Introduction:
Atrial fibrillation is an arrhythmic consequence of multiple
pathological processes leading to functional and structural changes in
the atrial muscle [1, 2]. Among the major pathologies leading to
this arrhythmia are hypertension, coronary artery disease and subsequent
heart failure play the major role. Less frequently recently are acquired
heart defects and hyperthyroidism, which also promotes atrial
fibrillation [3, 4]. Despite treating both atria as a substrate of
atrial fibrillation, it is clinically assumed that this arrhythmia
occurs mainly due to left atrial pathologies - primarily due to the
higher workload it needs to cope with as a consequence of the higher
left ventricular resistance. These diseases cause changes in the
structure of the atrial muscle through death and apoptosis of
cardiomyocytes, contributing to stromal fibrosis. This affects
generation of arrhythmia foci, local potential fragmentation and
possible re-entry loops. However, the main consequence visible in
echocardiography is the left atrial enlargement. This is also the result
of an increase in left ventricular filling pressure as well as organic
and functional mitral valve regurgitation.
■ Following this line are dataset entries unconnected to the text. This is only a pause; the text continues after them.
inductive seq :: "sig \<Rightarrow> ops \<Rightarrow> mctx \<Rightarrow> lfctx \<Rightarrow> tp \<Rightarrow> bool"
  and seqs :: "sig \<Rightarrow> ops \<Rightarrow> mctx \<Rightarrow> lfctx \<Rightarrow> sub \<Rightarrow> lfctx \<Rightarrow> bool"
  for Sg :: sig and Ops :: ops where
  init_sig: "(c, A) \<in> set Sg \<Longrightarrow> seq Sg Ops \<Delta> \<Psi> A"
| init_psi: "Rel x A \<in> set (ldecls \<Psi>) \<Longrightarrow> seq Sg Ops \<Delta> \<Psi> A"
| piR: "seq Sg Ops \<Delta> (LExt \<Psi> (Par x A)) B \<Longrightarrow> seq Sg Ops \<Delta> \<Psi> (Pi x A B)"
| piL: "Rel x1 (Pi x A B) \<in> set (ldecls \<Psi>) \<Longrightarrow> lfchk Sg Ops \<Delta> \<Psi> M A
      \<Longrightarrow> seq Sg Ops \<Delta> (LExt \<Psi> (Rel x2 (hsub Ops M x B))) A' \<Longrightarrow> seq Sg Ops \<Delta> \<Psi> A'"
| arrR: "seq Sg Ops \<Delta> (LExt \<Psi> (Rel x A)) B \<Longrightarrow> seq Sg Ops \<Delta> \<Psi> (Arr A B)"
| arrL: "Rel x1 (Arr A B) \<in> set (ldecls \<Psi>) \<Longrightarrow> seq Sg Ops \<Delta> \<Psi> A
      \<Longrightarrow> seq Sg Ops \<Delta> (LExt \<Psi> (Rel x2 B)) A' \<Longrightarrow> seq Sg Ops \<Delta> \<Psi> A'"
| reflect: "(u, MBox \<Phi> P) \<in> set \<Delta> \<Longrightarrow> seqs Sg Ops \<Delta> \<Psi> \<sigma> \<Phi>
      \<Longrightarrow> seq Sg Ops \<Delta> (LExt \<Psi> (Rel x (ssub Ops \<sigma> \<Phi> (At P)))) A \<Longrightarrow> seq Sg Ops \<Delta> \<Psi> A"
| seqs_nil: "seqs Sg Ops \<Delta> \<Psi> SNil LNil"
| seqs_wk: "seqs Sg Ops \<Delta> (lapp (LVar \<psi>) ds) (Wk \<psi>) (LVar \<psi>)"
| seqs_rel: "seqs Sg Ops \<Delta> \<Psi> \<sigma> \<Phi> \<Longrightarrow> seq Sg Ops \<Delta> \<Psi> (ssub Ops \<sigma> \<Phi> B)
      \<Longrightarrow> seqs Sg Ops \<Delta> \<Psi> (SCons \<sigma> N) (LExt \<Phi> (Rel x B))"
| seqs_par: "seqs Sg Ops \<Delta> \<Psi> \<sigma> \<Phi> \<Longrightarrow> lfchk Sg Ops \<Delta> \<Psi> M (ssub Ops \<sigma> \<Phi> B)
      \<Longrightarrow> seqs Sg Ops \<Delta> \<Psi> (SCons \<sigma> M) (LExt \<Phi> (Par x B))"

inductive cseq :: "sig \<Rightarrow> ops \<Rightarrow> mctx \<Rightarrow> cctx \<Rightarrow> ctp \<Rightarrow> bool"
  for Sg :: sig and Ops :: ops where
  cpiR: "cseq Sg Ops (\<Delta> @ [(X, U)]) \<Gamma> \<tau> \<Longrightarrow> cseq Sg Ops \<Delta> \<Gamma> (CPi X U \<tau>)"
| cpiL: "(y1, CPi X U \<tau>') \<in> set \<Gamma> \<Longrightarrow> mchk Sg Ops \<Delta> C U
      \<Longrightarrow> cseq Sg Ops \<Delta> (\<Gamma> @ [(y2, msub Ops C X \<tau>')]) \<tau> \<Longrightarrow> cseq Sg Ops \<Delta> \<Gamma> \<tau>"
| carrL: "(y1, CArr \<tau>1 \<tau>2) \<in> set \<Gamma> \<Longrightarrow> cseq Sg Ops \<Delta> \<Gamma> \<tau>1
      \<Longrightarrow> cseq Sg Ops \<Delta> (\<Gamma> @ [(y2, \<tau>2)]) \<tau> \<Longrightarrow> cseq Sg Ops \<Delta> \<Gamma> \<tau>"
| carrR: "cseq Sg Ops \<Delta> (\<Gamma> @ [(y, \<tau>1)]) \<tau>2 \<Longrightarrow> cseq Sg Ops \<Delta> \<Gamma> (CArr \<tau>1 \<tau>2)"
| cinit: "(y, \<tau>) \<in> set \<Gamma> \<Longrightarrow> cseq Sg Ops \<Delta> \<Gamma> \<tau>"
| boxR: "seq Sg Ops \<Delta> \<Psi> (At P) \<Longrightarrow> cseq Sg Ops \<Delta> \<Gamma> (Box \<Psi> P)"
| boxL: "(y, Box \<Psi> P) \<in> set \<Gamma> \<Longrightarrow> cseq Sg Ops (\<Delta> @ [(X, MBox \<Psi> P)]) \<Gamma> \<tau>
      \<Longrightarrow> cseq Sg Ops \<Delta> \<Gamma> \<tau>"

inductive uni :: "sig \<Rightarrow> ops \<Rightarrow> mctx \<Rightarrow> lfctx \<Rightarrow> tp \<Rightarrow> bool"
  and unis :: "sig \<Rightarrow> ops \<Rightarrow> mctx \<Rightarrow> lfctx \<Rightarrow> sub \<Rightarrow> lfctx \<Rightarrow> bool"
  and foc :: "sig \<Rightarrow> ops \<Rightarrow> mctx \<Rightarrow> lfctx \<Rightarrow> name \<Rightarrow> tp \<Rightarrow> atp \<Rightarrow> bool"
  for Sg :: sig and Ops :: ops where
  u_piR: "uni Sg Ops \<Delta> (LExt \<Psi> (Par x A)) B \<Longrightarrow> uni Sg Ops \<Delta> \<Psi> (Pi x A B)"
| u_arrR: "uni Sg Ops \<Delta> (LExt \<Psi> (Rel x A)) B \<Longrightarrow> uni Sg Ops \<Delta> \<Psi> (Arr A B)"
| u_transD: "(X, MBox \<Phi> Q) \<in> set \<Delta> \<Longrightarrow> unis Sg Ops \<Delta> \<Psi> \<sigma> \<Phi>
      \<Longrightarrow> ssub Ops \<sigma> \<Phi> (At Q) = At P \<Longrightarrow> uni Sg Ops \<Delta> \<Psi> (At P)"
| u_transP: "Rel x A \<in> set (ldecls \<Psi>) \<Longrightarrow> foc Sg Ops \<Delta> \<Psi> x A P \<Longrightarrow> uni Sg Ops \<Delta> \<Psi> (At P)"
| us_nil: "unis Sg Ops \<Delta> \<Psi> SNil LNil"
| us_wk: "unis Sg Ops \<Delta> (lapp (LVar \<psi>) ds) (Wk \<psi>) (LVar \<psi>)"
| us_rel: "unis Sg Ops \<Delta> \<Psi> \<sigma> \<Phi> \<Longrightarrow> uni Sg Ops \<Delta> \<Psi> (ssub Ops \<sigma> \<Phi> B)
      \<Longrightarrow> unis Sg Ops \<Delta> \<Psi> (SCons \<sigma> N) (LExt \<Phi> (Rel x B))"
| us_par: "unis Sg Ops \<Delta> \<Psi> \<sigma> \<Phi> \<Longrightarrow> lfchk Sg Ops \<Delta> \<Psi> M (ssub Ops \<sigma> \<Phi> B)
      \<Longrightarrow> unis Sg Ops \<Delta> \<Psi> (SCons \<sigma> M) (LExt \<Phi> (Par x B))"
| f_init: "foc Sg Ops \<Delta> \<Psi> x (At P) P"
| f_arrL: "uni Sg Ops \<Delta> \<Psi> A \<Longrightarrow> foc Sg Ops \<Delta> \<Psi> x' B P \<Longrightarrow> foc Sg Ops \<Delta> \<Psi> x (Arr A B) P"
| f_piL: "lfchk Sg Ops \<Delta> \<Psi> M A \<Longrightarrow> foc Sg Ops \<Delta> \<Psi> x' (hsub Ops M y B) P
      \<Longrightarrow> foc Sg Ops \<Delta> \<Psi> x (Pi y A B) P"

definition mfoc :: "sig \<Rightarrow> ops \<Rightarrow> mctx \<Rightarrow> name \<Rightarrow> mtp \<Rightarrow> lfctx \<Rightarrow> atp \<Rightarrow> bool" where
  "mfoc Sg Ops \<Delta> X U \<Psi> P \<longleftrightarrow>
     (\<exists>\<Phi> Q \<sigma>. U = MBox \<Phi> Q \<and> unis Sg Ops (\<Delta> @ [(X, U)]) \<Psi> \<sigma> \<Phi> \<and> ssub Ops \<sigma> \<Phi> (At Q) = At P)"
Furthermore, atrial fibrillation is caused by other arrhythmias such as
multiple atrial extrasystole, atrial focal tachycardia or atrial flutter
[5, 6, 7]. Their constant duration or paroxysm lead to
electrophysiological changes in the action potential, usually a
shortening of the refractory period, the local intensity of which may be
different. This is manifested by heterogeneity of the repolarization
process. Repolarization disorders lead to functional conduction
disturbances, which, superimposed on structural changes and conduction
slowing associated with cardiomyocyte depletion, intensify the re-entry
phenomenon and promote the maintenance and persistence of arrhythmias.
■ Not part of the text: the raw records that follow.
lemma partial_sums_bigO_if_tail_sums_bigO:
  fixes lam a :: "nat \<Rightarrow> real"
  assumes a_nonneg: "\<And>n. a n \<ge> 0" and lam_nonneg: "\<And>n. lam n \<ge> 0"
    and lam_tendsto: "filterlim lam at_top sequentially"
    and summable: "\<forall>\<^sub>F x in at_top. (\<lambda>n. a n / lam n) summable_on {n. x \<le> lam n}"
    and "(\<lambda>x. \<Sum>\<^sub>\<infinity>n\<in>{n. x \<le> lam n}. a n / lam n) \<in> O(\<lambda>x. 1 / x)"
  shows "(\<lambda>x. \<Sum>n\<in>{n. lam n \<le> x}. lam n * a n) \<in> O(\<lambda>x. x)"
proof -
  define S where "S x = (\<Sum>n\<in>{n. lam n \<le> x}. lam n * a n)" for x
  have fin: "finite {n. lam n \<le> y}" for y
    using lam_tendsto by (rule finite_sublevel_if_filterlim_at_top)
  have S_nonneg: "S x \<ge> 0" for x
    unfolding S_def using a_nonneg lam_nonneg by (intro sum_nonneg) auto
  from assms(5) obtain C where "C > 0"
    and bound: "\<forall>\<^sub>F x in at_top. norm (\<Sum>\<^sub>\<infinity>n\<in>{n. x \<le> lam n}. a n / lam n) \<le> C * norm (1 / x)"
    by (rule landau_o.bigE)
  have "\<forall>\<^sub>F y in at_top. (\<lambda>n. a n / lam n) summable_on {n. y \<le> lam n} \<and>
          (\<Sum>\<^sub>\<infinity>n\<in>{n. y \<le> lam n}. a n / lam n) \<le> C / y"
    using summable bound eventually_gt_at_top[of 0] by eventually_elim auto
  then obtain x0 where "x0 \<ge> 1" and tail: "\<And>y. y \<ge> x0 \<Longrightarrow>
      (\<lambda>n. a n / lam n) summable_on {n. y \<le> lam n} \<and> (\<Sum>\<^sub>\<infinity>n\<in>{n. y \<le> lam n}. a n / lam n) \<le> C / y"
    unfolding eventually_at_top_linorder by (metis max.bounded_iff max.cobounded2)
  have linear: "S x \<le> (S (2 * x0) + 4 * C) * x" if "x \<ge> 2 * x0" for x
  proof -
    define G where "G = {n. 2 * x0 \<le> lam n \<and> lam n \<le> x}"
    have "{n. lam n \<le> x} \<subseteq> {n. lam n \<le> 2 * x0} \<union> G" unfolding G_def by auto
    moreover have "finite G" unfolding G_def by (rule finite_subset[OF _ fin[of x]]) auto
    ultimately have "S x \<le> (\<Sum>n\<in>{n. lam n \<le> 2 * x0} \<union> G. lam n * a n)"
      unfolding S_def using fin a_nonneg lam_nonneg by (intro sum_mono2) auto
    also have "\<dots> \<le> S (2 * x0) + (\<Sum>n\<in>G. lam n * a n)"
      unfolding S_def using fin \<open>finite G\<close> a_nonneg lam_nonneg
      by (simp add: sum_Un sum_nonneg)
    also have "(\<Sum>n\<in>G. lam n * a n) \<le> 4 * C * x"
      unfolding G_def using \<open>C > 0\<close> \<open>x0 \<ge> 1\<close> \<open>x \<ge> 2 * x0\<close>
      by (intro partial_sum_le_if_tail_sums_reciprocal[OF _ _ a_nonneg lam_nonneg fin tail]) auto
    also have "S (2 * x0) \<le> S (2 * x0) * x"
      using S_nonneg[of "2 * x0"] \<open>x0 \<ge> 1\<close> \<open>x \<ge> 2 * x0\<close> by (simp add: mult_le_cancel_left1)
    finally show ?thesis by (simp add: algebra_simps)
  qed
  have "\<forall>\<^sub>F x in at_top. norm (S x) \<le> (S (2 * x0) + 4 * C) * norm x"
    using eventually_ge_at_top[of "2 * x0"]
  proof eventually_elim
    case (elim x)
    with linear[OF elim] S_nonneg[of x] \<open>x0 \<ge> 1\<close> show ?case by simp
  qed
  then show ?thesis unfolding S_def by (rule bigoI)
qed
The described pathologies have an impact on the electrocardiographic
picture of the atrial muscle depolarization, depicted by the P wave of
the electrocardiogram. With the duration and progression of functional
and structural changes, the duration of the P wave prolongs, making it a
risk factor for atrial fibrillation [8].
An interesting and clinically important issue is the positive
relationship between atrial fibrillation paroxysm and the tendency of
the arrhythmia to persist, which was reflected in the term “AF begets
AF” created by Wijffels et al. [9]. Rapid atrial arrhythmias affect
the functional changes in the process of atrial muscular repolarization
and, above all, induce heterogeneity of refraction duration by the
formation of local blocks and slow conduction zones [10]. In
addition, atrial fibrillation episodes lead to left atrial enlargement,
most likely due to an increase in filling pressure but also due to blood
retention and functional mitral regurgitation. All the processes
described cause that with time the paroxysmal AF becomes persistent, and
finally the decision is made to leave the arrhythmia in a permanent form
[4, 10, 11].
All the issues mentioned, indicate the necessity of complex systemic
treatment and prevention of AF paroxysms. An important aspect is to
reduce the duration of individual episodes using pharmacological or
electrical conversion to sinus rhythm. Prolonged arrhythmia paroxysms
lead to a deepening of functional and anatomical changes; hence it is
likely that patients with persistent atrial fibrillation after sinus
rhythm restoration have a longer duration of the P wave compared to
patients with paroxysmal form of the arrhythmia.